INSTRUCTIONS TO FOLLOW –
When a line in the entries below contains the word "exists", copy that line.

■ ■ ■ ■ ■ ■ ■

(* If $G$ is a cubic (3-regular) graph, then $\mathrm{TC}_2(G)=3$ and $\mathrm{TC}_3(G)=2$.
   Context: All graphs are finite, simple and connected. $N(v)$ denotes the open neighborhood of $v$. For $\delta(G)\ge k$, a set $S\subseteq V(G)$ is a total $k$-dominating set if $|N(v)\cap S|\ge k$ for every $v\in V(G)$. Two disjoint sets $U,W\subseteq V(G)$ form a total $k$-coalition if neither is a total $k$-dominating set but $U\cup W$ is. A total $k$-coalition partition of $G$ is a partition $\Omega$ of $V(G)$ in which every set forms a total $k$-coalition with some other set of $\Omega$; $\mathrm{TC}_k(G)$ is the maximum cardinality of such a partition. *)

theory Defs
  imports Main
begin

definition simple_graph :: "'a set \<Rightarrow> ('a \<Rightarrow> 'a \<Rightarrow> bool) \<Rightarrow> bool" where
  "simple_graph V E \<longleftrightarrow> finite V \<and> V \<noteq> {} \<and>
     (\<forall>x y. E x y \<longrightarrow> x \<in> V \<and> y \<in> V) \<and>
     (\<forall>x y. E x y \<longrightarrow> E y x) \<and> (\<forall>x. \<not> E x x)"

definition connected_graph :: "'a set \<Rightarrow> ('a \<Rightarrow> 'a \<Rightarrow> bool) \<Rightarrow> bool" where
  "connected_graph V E \<longleftrightarrow> simple_graph V E \<and> (\<forall>x\<in>V. \<forall>y\<in>V. E\<^sup>*\<^sup>* x y)"

definition nbhd :: "'a set \<Rightarrow> ('a \<Rightarrow> 'a \<Rightarrow> bool) \<Rightarrow> 'a \<Rightarrow> 'a set" where
  "nbhd V E v = {u \<in> V. E v u}"

definition cubic :: "'a set \<Rightarrow> ('a \<Rightarrow> 'a \<Rightarrow> bool) \<Rightarrow> bool" where
  "cubic V E \<longleftrightarrow> (\<forall>v\<in>V. card (nbhd V E v) = 3)"

definition total_k_dominating :: "'a set \<Rightarrow> ('a \<Rightarrow> 'a \<Rightarrow> bool) \<Rightarrow> nat \<Rightarrow> 'a set \<Rightarrow> bool" where
  "total_k_dominating V E k S \<longleftrightarrow> S \<subseteq> V \<and> (\<forall>v\<in>V. card (nbhd V E v \<inter> S) \<ge> k)"

definition total_k_coalition :: "'a set \<Rightarrow> ('a \<Rightarrow> 'a \<Rightarrow> bool) \<Rightarrow> nat \<Rightarrow> 'a set \<Rightarrow> 'a set \<Rightarrow> bool" where
  "total_k_coalition V E k U W \<longleftrightarrow> U \<inter> W = {} \<and>
     \<not> total_k_dominating V E k U \<and> \<not> total_k_dominating V E k W \<and>
     total_k_dominating V E k (U \<union> W)"

definition is_partition :: "'a set \<Rightarrow> 'a set set \<Rightarrow> bool" where
  "is_partition V P \<longleftrightarrow> (\<forall>A\<in>P. A \<noteq> {}) \<and> \<Union>P = V \<and>
     (\<forall>A\<in>P. \<forall>B\<in>P. A \<noteq> B \<longrightarrow> A \<inter> B = {})"

definition total_k_coalition_partition :: "'a set \<Rightarrow> ('a \<Rightarrow> 'a \<Rightarrow> bool) \<Rightarrow> nat \<Rightarrow> 'a set set \<Rightarrow> bool" where
  "total_k_coalition_partition V E k P \<longleftrightarrow> is_partition V P \<and>
     (\<forall>A\<in>P. \<exists>B\<in>P. B \<noteq> A \<and> total_k_coalition V E k A B)"

definition TC :: "'a set \<Rightarrow> ('a \<Rightarrow> 'a \<Rightarrow> bool) \<Rightarrow> nat \<Rightarrow> nat" where
  "TC V E k = Max {card P | P. total_k_coalition_partition V E k P}"

end

theory Submission
  imports Defs
begin

text \<open>Every neighbourhood of a cubic graph has three vertices. Two disjoint total 2-dominating
  sets would need 2 + 2 of them in one neighbourhood, so the unions of any two total 2-coalitions
  share a class. With four classes, some non-dominating class D would therefore form total
  2-dominating unions with three further classes; at a vertex where D sees at most one neighbour
  these would need at least 1 + 3 neighbours. A total 3-dominating set contains every
  neighbourhood, hence all of V, so a single 3-coalition already exhausts the partition. The
  partitions {{x}, {y}, V - {x, y}} and {{x}, V - {x}}, for neighbours x, y of some vertex,
  attain the bounds.\<close>

lemma finite_nbhd: "simple_graph V E \<Longrightarrow> finite (nbhd V E v)"
  unfolding simple_graph_def nbhd_def by auto

lemma nbhd_subset: "nbhd V E v \<subseteq> V"
  unfolding nbhd_def by auto

lemma total_k_dominatingD:
  "total_k_dominating V E k S \<Longrightarrow> v \<in> V \<Longrightarrow> k \<le> card (nbhd V E v \<inter> S)"
  unfolding total_k_dominating_def by auto

lemma total_k_coalition_commute:
  "total_k_coalition V E k U W \<longleftrightarrow> total_k_coalition V E k W U"
  unfolding total_k_coalition_def by (auto simp: Un_commute)

lemma partition_disjoint:
  "is_partition V P \<Longrightarrow> A \<in> P \<Longrightarrow> B \<in> P \<Longrightarrow> A \<noteq> B \<Longrightarrow> A \<inter> B = {}"
  unfolding is_partition_def by auto

lemma card_Int_Un_disjoint:
  "finite N \<Longrightarrow> X \<inter> Y = {} \<Longrightarrow> card (N \<inter> (X \<union> Y)) = card (N \<inter> X) + card (N \<inter> Y)"
  by (simp add: Int_Un_distrib card_Un_disjoint disjoint_iff)

lemma TC_eqI:
  assumes "\<And>P. total_k_coalition_partition V E k P \<Longrightarrow> card P \<le> n"
    and "total_k_coalition_partition V E k P\<^sub>0" and "card P\<^sub>0 = n"
  shows "TC V E k = n"
  unfolding TC_def
proof (rule Max_eqI)
  show "finite {card P |P. total_k_coalition_partition V E k P}"
    by (rule finite_subset[of _ "{..n}"]) (auto dest: assms(1))
qed (use assms in auto)

lemma disjoint_total_k_dominating_False:
  assumes G: "simple_graph V E" and deg: "\<forall>v\<in>V. card (nbhd V E v) < 2 * k"
    and "X \<inter> Y = {}" and "total_k_dominating V E k X" and "total_k_dominating V E k Y"
  shows False
proof -
  obtain v where v: "v \<in> V"
    using G unfolding simple_graph_def by auto
  let ?N = "nbhd V E v"
  have "card (?N \<inter> X) + card (?N \<inter> Y) = card (?N \<inter> (X \<union> Y))"
    using card_Int_Un_disjoint[OF finite_nbhd[OF G] \<open>X \<inter> Y = {}\<close>] by simp
  also have "\<dots> \<le> card ?N"
    by (simp add: card_mono finite_nbhd[OF G])
  finally show False
    using deg v total_k_dominatingD[OF assms(4) v] total_k_dominatingD[OF assms(5) v] by fastforce
qed

lemma total_k_coalitions_meet:
  assumes G: "simple_graph V E" and deg: "\<forall>v\<in>V. card (nbhd V E v) < 2 * k"
    and P: "is_partition V P" and "X \<in> P" "Y \<in> P" "Z \<in> P" "W \<in> P"
    and "total_k_coalition V E k X Y" and "total_k_coalition V E k Z W"
  shows "{X, Y} \<inter> {Z, W} \<noteq> {}"
proof
  assume "{X, Y} \<inter> {Z, W} = {}"
  then have "(X \<union> Y) \<inter> (Z \<union> W) = {}"
    using partition_disjoint[OF P] assms(4-7) by blast
  then show False
    using disjoint_total_k_dominating_False[OF G deg] assms(8,9)
    unfolding total_k_coalition_def by blast
qed

lemma three_disjoint_completions_False:
  assumes G: "simple_graph V E" and deg: "\<forall>v\<in>V. card (nbhd V E v) < k + 2"
    and D: "\<not> total_k_dominating V E k D"
    and disj: "D \<inter> X\<^sub>1 = {}" "D \<inter> X\<^sub>2 = {}" "D \<inter> X\<^sub>3 = {}"
      "X\<^sub>1 \<inter> X\<^sub>2 = {}" "X\<^sub>1 \<inter> X\<^sub>3 = {}" "X\<^sub>2 \<inter> X\<^sub>3 = {}"
    and dom: "total_k_dominating V E k (D \<union> X\<^sub>1)" "total_k_dominating V E k (D \<union> X\<^sub>2)"
      "total_k_dominating V E k (D \<union> X\<^sub>3)"
  shows False
proof -
  have "D \<subseteq> V"
    using dom(1) unfolding total_k_dominating_def by auto
  then obtain v where v: "v \<in> V" and few: "card (nbhd V E v \<inter> D) < k"
    using D unfolding total_k_dominating_def by force
  let ?N = "nbhd V E v"
  have fin: "finite ?N"
    by (rule finite_nbhd[OF G])
  have "k \<le> card (?N \<inter> D) + card (?N \<inter> X\<^sub>1)" "k \<le> card (?N \<inter> D) + card (?N \<inter> X\<^sub>2)"
    "k \<le> card (?N \<inter> D) + card (?N \<inter> X\<^sub>3)"
    using dom[THEN total_k_dominatingD, OF v] card_Int_Un_disjoint[OF fin] disj(1-3) by metis+
  moreover have "card (?N \<inter> (D \<union> X\<^sub>1 \<union> X\<^sub>2 \<union> X\<^sub>3))
      = card (?N \<inter> D) + card (?N \<inter> X\<^sub>1) + card (?N \<inter> X\<^sub>2) + card (?N \<inter> X\<^sub>3)"
  proof -
    have "(D \<union> X\<^sub>1 \<union> X\<^sub>2) \<inter> X\<^sub>3 = {}" "(D \<union> X\<^sub>1) \<inter> X\<^sub>2 = {}"
      using disj by blast+
    then show ?thesis
      using disj(1) by (simp add: card_Int_Un_disjoint[OF fin])
  qed
  moreover have "card (?N \<inter> (D \<union> X\<^sub>1 \<union> X\<^sub>2 \<union> X\<^sub>3)) \<le> card ?N"
    by (simp add: card_mono fin)
  ultimately show False
    using few deg v by fastforce
qed

lemma total_k_coalition_partition_outside_pair:
  assumes G: "simple_graph V E" and deg: "\<forall>v\<in>V. card (nbhd V E v) < k + 2" and "2 \<le> k"
    and "total_k_coalition_partition V E k P"
    and AB: "A \<in> P" "B \<in> P" "total_k_coalition V E k A B"
    and C: "C \<in> P - {A, B}" and C': "C' \<in> P - {A, B}"
  shows "C = C'"
proof (rule ccontr)
  assume "C \<noteq> C'"
  have P: "is_partition V P" and partner: "\<And>C. C \<in> P \<Longrightarrow> \<exists>D\<in>P. total_k_coalition V E k C D"
    using assms(4) unfolding total_k_coalition_partition_def by auto
  have "\<forall>v\<in>V. card (nbhd V E v) < 2 * k"
    using deg \<open>2 \<le> k\<close> by fastforce
  note meet = total_k_coalitions_meet[OF G this P]
  have partner_AB: "\<exists>D\<in>P \<inter> {A, B}. total_k_coalition V E k X D" if X: "X \<in> P - {A, B}" for X
  proof -
    obtain D where D: "D \<in> P" "total_k_coalition V E k X D"
      using partner X by blast
    then have "{X, D} \<inter> {A, B} \<noteq> {}"
      using meet[of X D A B] X AB by blast
    then show ?thesis
      using X D by auto
  qed
  obtain D D' where D: "D \<in> P \<inter> {A, B}" "total_k_coalition V E k C D"
    and D': "D' \<in> P \<inter> {A, B}" "total_k_coalition V E k C' D'"
    using partner_AB C C' by meson
  have "{C, D} \<inter> {C', D'} \<noteq> {}"
    using meet[of C D C' D'] C C' D D' by blast
  then have "D' = D"
    using \<open>C \<noteq> C'\<close> C C' D D' by auto
  obtain Q where Q: "Q \<in> P \<inter> {A, B}" "total_k_coalition V E k D Q"
  proof (cases "D = A")
    case True
    then show ?thesis
      using that AB by blast
  next
    case False
    then show ?thesis
      using that[of A] AB D(1) total_k_coalition_commute by blast
  qed
  show False
  proof (rule three_disjoint_completions_False[OF G deg, of D C C' Q])
    show "\<not> total_k_dominating V E k D"
      using D(2) unfolding total_k_coalition_def by auto
    show "total_k_dominating V E k (D \<union> C)" "total_k_dominating V E k (D \<union> C')"
      "total_k_dominating V E k (D \<union> Q)"
      using D(2) D'(2) Q(2) \<open>D' = D\<close> unfolding total_k_coalition_def by (auto simp: Un_commute)
    have "Q \<noteq> D"
      using Q(2) unfolding total_k_coalition_def by auto
    then show "D \<inter> C = {}" "D \<inter> C' = {}" "D \<inter> Q = {}" "C \<inter> C' = {}" "C \<inter> Q = {}" "C' \<inter> Q = {}"
      using partition_disjoint[OF P] C C' D(1) Q(1) \<open>C \<noteq> C'\<close> by auto
  qed
qed

lemma total_k_coalition_partition_card_le_3:
  assumes G: "simple_graph V E" and deg: "\<forall>v\<in>V. card (nbhd V E v) < k + 2" and "2 \<le> k"
    and "total_k_coalition_partition V E k P"
  shows "card P \<le> 3"
proof (cases "P = {}")
  case False
  have P: "is_partition V P" and partner: "\<And>C. C \<in> P \<Longrightarrow> \<exists>D\<in>P. total_k_coalition V E k C D"
    using assms(4) unfolding total_k_coalition_partition_def by auto
  have "finite (\<Union>P)"
    using P G unfolding is_partition_def simple_graph_def by simp
  then have "finite P"
    by (rule finite_UnionD)
  obtain A where "A \<in> P"
    using False by auto
  then obtain B where AB: "A \<in> P" "B \<in> P" "total_k_coalition V E k A B"
    using partner by blast
  have "card (P - {A, B}) \<le> 1"
    using \<open>finite P\<close> total_k_coalition_partition_outside_pair[OF assms AB]
    by (metis One_nat_def card_le_Suc0_iff_eq finite_Diff)
  have "card P \<le> card ({A, B} \<union> (P - {A, B}))"
    using \<open>finite P\<close> by (intro card_mono) auto
  also have "\<dots> \<le> card {A, B} + card (P - {A, B})"
    by (rule card_Un_le)
  also have "\<dots> \<le> 2 + 1"
    using \<open>card (P - {A, B}) \<le> 1\<close> by (intro add_mono) (auto simp: card_insert_if)
  finally show ?thesis
    by simp
qed simp

lemma total_k_dominating_regular_eq_V:
  assumes G: "simple_graph V E" and reg: "\<forall>v\<in>V. card (nbhd V E v) = k" and "0 < k"
    and S: "total_k_dominating V E k S"
  shows "S = V"
proof
  show "S \<subseteq> V"
    using S unfolding total_k_dominating_def by auto
  show "V \<subseteq> S"
  proof
    fix u
    assume u: "u \<in> V"
    then have "nbhd V E u \<noteq> {}"
      using reg \<open>0 < k\<close> by fastforce
    then obtain w where "w \<in> nbhd V E u"
      by blast
    then have w: "w \<in> V" "u \<in> nbhd V E w"
      using G u unfolding nbhd_def simple_graph_def by auto
    have "card (nbhd V E w) \<le> card (nbhd V E w \<inter> S)"
      using total_k_dominatingD[OF S w(1)] reg w(1) by simp
    then have "nbhd V E w \<inter> S = nbhd V E w"
      by (intro card_seteq finite_nbhd[OF G]) auto
    then show "u \<in> S"
      using w(2) by blast
  qed
qed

■ ■ ■ ■ ■ ■ ■

REPLY –
     (\<forall>A\<in>P. \<exists>B\<in>P. B \<noteq> A \<and> total_k_coalition V E k A B)"
  have P: "is_partition V P" and partner: "\<And>C. C \<in> P \<Longrightarrow> \<exists>D\<in>P. total_k_coalition V E k C D"
  have partner_AB: "\<exists>D\<in>P \<inter> {A, B}. total_k_coalition V E k X D" if X: "X \<in> P - {A, B}" for X
  have P: "is_partition V P" and partner: "\<And>C. C \<in> P \<Longrightarrow> \<exists>D\<in>P. total_k_coalition V E k C D"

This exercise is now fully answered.